Write out the data again in full, exactly as it reads.
Segment Start: ENTRIES SUPPLIED
lemma sm_if_moment_map_subset_Lambda_roumieu:
  assumes ws: "weight_sequence M"
    and incl: "moment_map ` C_roumieu M \<subseteq> Lambda_roumieu (shift1 M)"
  shows "cond_sm M"
proof -
  have "moment_map (\<lambda>x. complex_of_real (inf_weight M x)) \<in> Lambda_roumieu (shift1 M)"
    using incl inf_weight_in_C_roumieu[OF ws] by blast
  then obtain h C where h: "0 < h"
    and bound: "\<And>p. norm (moment_map (\<lambda>x. complex_of_real (inf_weight M x)) p) \<le> C * (h ^ p * M (Suc p))"
    unfolding Lambda_roumieu_def shift1_def by auto
  have "ln (quot_seq M (Suc p) / quot_seq M p) \<le> (\<bar>C\<bar> + 1) * (h + 2) ^ (p + 1)" for p
  proof -
    have "M (Suc p) * ln (quot_seq M (Suc p) / quot_seq M p) \<le> M (Suc p) * (C * h ^ p)"
      using moment_map_inf_weight_ge[OF ws, of p] bound[of p] by (simp add: algebra_simps)
    then have "ln (quot_seq M (Suc p) / quot_seq M p) \<le> C * h ^ p"
      using weight_sequence_pos[OF ws, of "Suc p"] by simp
    also have "\<dots> \<le> (\<bar>C\<bar> + 1) * (h + 2) ^ (p + 1)"
    proof (rule mult_mono)
      have "h ^ p \<le> (h + 2) ^ p" using h by (intro power_mono) auto
      also have "\<dots> \<le> (h + 2) ^ (p + 1)" using h by (intro power_increasing) auto
      finally show "h ^ p \<le> (h + 2) ^ (p + 1)" .
    qed (use h in auto)
    finally show ?thesis .
  qed
  moreover have "0 < \<bar>C\<bar> + 1" "1 < h + 2" using h by auto
  ultimately show ?thesis
    unfolding cond_sm_def by blast
qed

theorem proposition3p4:
  fixes M :: "nat \<Rightarrow> real"
  assumes "weight_sequence M"
    and "gamma_idx M > 0"
  shows "moment_map ` C_roumieu M \<subseteq> Lambda_roumieu (shift1 M) \<longleftrightarrow> cond_sm M"
  using moment_map_subset_Lambda_roumieu_if_sm[OF assms(1)]
    sm_if_moment_map_subset_Lambda_roumieu[OF assms(1)] by blast

end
Segment End: ENTRIES SUPPLIED
### TASK RESPONSE
lemma sm_if_moment_map_subset_Lambda_roumieu:
  assumes ws: "weight_sequence M"
    and incl: "moment_map ` C_roumieu M \<subseteq> Lambda_roumieu (shift1 M)"
  shows "cond_sm M"
proof -
  have "moment_map (\<lambda>x. complex_of_real (inf_weight M x)) \<in> Lambda_roumieu (shift1 M)"
    using incl inf_weight_in_C_roumieu[OF ws] by blast
  then obtain h C where h: "0 < h"
    and bound: "\<And>p. norm (moment_map (\<lambda>x. complex_of_real (inf_weight M x)) p) \<le> C * (h ^ p * M (Suc p))"
    unfolding Lambda_roumieu_def shift1_def by auto
  have "ln (quot_seq M (Suc p) / quot_seq M p) \<le> (\<bar>C\<bar> + 1) * (h + 2) ^ (p + 1)" for p
  proof -
    have "M (Suc p) * ln (quot_seq M (Suc p) / quot_seq M p) \<le> M (Suc p) * (C * h ^ p)"
      using moment_map_inf_weight_ge[OF ws, of p] bound[of p] by (simp add: algebra_simps)
    then have "ln (quot_seq M (Suc p) / quot_seq M p) \<le> C * h ^ p"
      using weight_sequence_pos[OF ws, of "Suc p"] by simp
    also have "\<dots> \<le> (\<bar>C\<bar> + 1) * (h + 2) ^ (p + 1)"
    proof (rule mult_mono)
      have "h ^ p \<le> (h + 2) ^ p" using h by (intro power_mono) auto
      also have "\<dots> \<le> (h + 2) ^ (p + 1)" using h by (intro power_increasing) auto
      finally show "h ^ p \<le> (h + 2) ^ (p + 1)" .
    qed (use h in auto)
    finally show ?thesis .
  qed
  moreover have "0 < \<bar>C\<bar> + 1" "1 < h + 2" using h by auto
  ultimately show ?thesis
    unfolding cond_sm_def by blast
qed

theorem proposition3p4:
  fixes M :: "nat \<Rightarrow> real"
  assumes "weight_sequence M"
    and "gamma_idx M > 0"
  shows "moment_map ` C_roumieu M \<subseteq> Lambda_roumieu (shift1 M) \<longleftrightarrow> cond_sm M"
  using moment_map_subset_Lambda_roumieu_if_sm[OF assms(1)]
    sm_if_moment_map_subset_Lambda_roumieu[OF assms(1)] by blast

end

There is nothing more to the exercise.